19/9/08

Sor Juana Inés de la Cruz

Por Eduardo Galeano
1655
San Miguel de Nepantla
Juana a los cuatro
Anda Juana charla que te charla con el alma, que es su compañera de adentro, mientras camina por la orilla de la acequia. Se siente de lo más feliz porque está con hipo y Juana crece cuando tiene hipo. Se detiene y se mira la sombra, que crece con ella, y con una rama la va midiendo después de cada saltito que le pega la barriga. También los volcanes crecían con el hipo, antes, cuando estaban vivos, antes de que los quemara su propio fuego. Dos de los volcanes humean todavía, pero ya no tienen hipo. Ya no crecen. Juana tiene hipo y crece. Crece.
Llorar, en cambio, encoge. Por eso tienen tamaño de cucarachas las viejitas y las lloronas de los entierros. Esto no lo dicen los libros del abuelo, que Juana lee, pero ella sabe. Son cosas que sabe de tanto platicar con el alma. También con las nubes conversa Juana. Para charlar con las nubes, hay que trepar a los cerros o a las ramas más altas de los árboles.

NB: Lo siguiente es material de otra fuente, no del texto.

(* Let $R$ be a commutative ring and $B,B'$ two quadratically presented $R$-modules fitting into exact sequences of $R$-modules $0\to A\to B\to C\to0$ and $0\to A'\to B'\to C\to0$. Then $\mathrm{Fitt}_R(A)\mathrm{Fitt}_R(B')=\mathrm{Fitt}_R(A')\mathrm{Fitt}_R(B)$.
   Context: An $R$-module $N$ is quadratically presented if there exist $m\ge1$ and an exact sequence $R^m\to R^m\to N\to0$. $\mathrm{Fitt}_R$ denotes the $0$th Fitting ideal. *)

theory Defs
  imports Main "HOL.Modules" "HOL-Combinatorics.Permutations"
begin

text \<open>Modules over a commutative ring 'r are modelled with Main's locale module:
  a type 'm :: ab_group_add with a scalar multiplication s :: 'r => 'm => 'm
  such that module s holds (the module is the whole type).\<close>

definition sqdet :: "nat \<Rightarrow> (nat \<Rightarrow> nat \<Rightarrow> 'r::comm_ring_1) \<Rightarrow> 'r" where
  "sqdet n Q = (\<Sum>p | p permutes {..<n}. of_int (sign p) * (\<Prod>i<n. Q i (p i)))"

definition ideal_gen :: "'r::comm_ring_1 set \<Rightarrow> 'r set" where
  "ideal_gen S = {(\<Sum>a\<in>t. r a * a) | t r. finite t \<and> t \<subseteq> S}"

definition ideal_prod :: "'r::comm_ring_1 set \<Rightarrow> 'r set \<Rightarrow> 'r set" where
  "ideal_prod I J = ideal_gen {a * b | a b. a \<in> I \<and> b \<in> J}"
(* Let $\mathcal{A}$ be a deterministic generalised Büchi automaton with $n$ states and $k$ output colours. Then there is a deterministic generalised Büchi automaton recognising $\mathcal{L}(\mathcal{A})$ which has the minimal number of states among all deterministic generalised Büchi automata recognising $\mathcal{L}(\mathcal{A})$ and which uses $O(n^2k)$ output colours.
   Context: An automaton is a tuple $(Q,\Sigma,q_{\mathrm{init}},\Delta,\Gamma,\mathrm{col},W)$ with finite state set, finite input alphabet, initial state, transitions $\Delta\subseteq Q\times\Sigma\times Q$, output alphabet $\Gamma$, labelling $\mathrm{col}:\Delta\to\Gamma$, acceptance condition $W\subseteq\Gamma^\omega$. A run on $w=a_1a_2\cdots$ is a sequence $(q_0,a_1,q_1)(q_1,a_2,q_2)\cdots$ of transitions with $q_0=q_{\mathrm{init}}$, accepting if its label sequence is in $W$; $\mathcal{L}(\mathcal{A})$ is the set of words with an accepting run. A generalised Büchi automaton with finite output colour set $C$ has $\Gamma=2^C$ and $W=\{x : \text{every } c\in C \text{ occurs in infinitely many letters of } x\}$; its number of output colours is $|C|$. Deterministic: for each $(p,a)$ at most one $q$ with $(p,a,q)\in\Delta$. *)

theory Defs
  imports Main
begin

text \<open>An automaton (Q, Sigma, q_init, Delta, Gamma = 2^C, col, W) with generalised Buechi
  acceptance over the finite output colour set C.\<close>
record ('q, 'a, 'c) gba =
  states  :: "'q set"
  alph    :: "'a set"
  init    :: 'q
  trans   :: "('q \<times> 'a \<times> 'q) set"
  col     :: "'q \<times> 'a \<times> 'q \<Rightarrow> 'c set"
  colours :: "'c set"

definition wf_gba :: "('q, 'a, 'c) gba \<Rightarrow> bool" where
  "wf_gba A \<longleftrightarrow> finite (states A) \<and> finite (alph A) \<and> finite (colours A)
     \<and> init A \<in> states A
     \<and> trans A \<subseteq> states A \<times> alph A \<times> states A
     \<and> (\<forall>t \<in> trans A. col A t \<subseteq> colours A)"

–Yo soy nube. Las nubes tenemos caras y manos. Pies, no.
1658
San Miguel de Nepantla
Juana a los siete
Por el espejo ve entrar a la madre y suelta la espada, que se derrumba con estrépito de cañón, y pega Juana tal respingo que le queda toda la cara metida bajo el aludo sombrero.
–No estoy jugando –se enoja, ante la risa de su madre. Se libera del sombrero y asoman los bigotazos de tizne. Mal navegan las piernitas de Juana en las enormes botas de cuero; trastabilla y cae al suelo y patalea, humillada, furiosa; la madre no para de reír.
–¡No estoy jugando! –protesta Juana, con agua en los ojos–. ¡Yo soy hombre! ¡Yo iré a la universidad, porque soy hombre!
La madre le acaricia la cabeza.
–Mi hija loca, mi bella Juana. Debería azotarte por estas indecencias.
Se sienta a su lado y dulcemente dice: «Más te valía haber nacido tonta, mi pobre hija sabihonda», y la acaricia mientras Juana empapa de lágrimas la vasta capa del abuelo.
Un sueño de Juana
Ella deambula por el mercado de sueños. Las vendedoras han desplegado sueños sobre grandes paños en el suelo.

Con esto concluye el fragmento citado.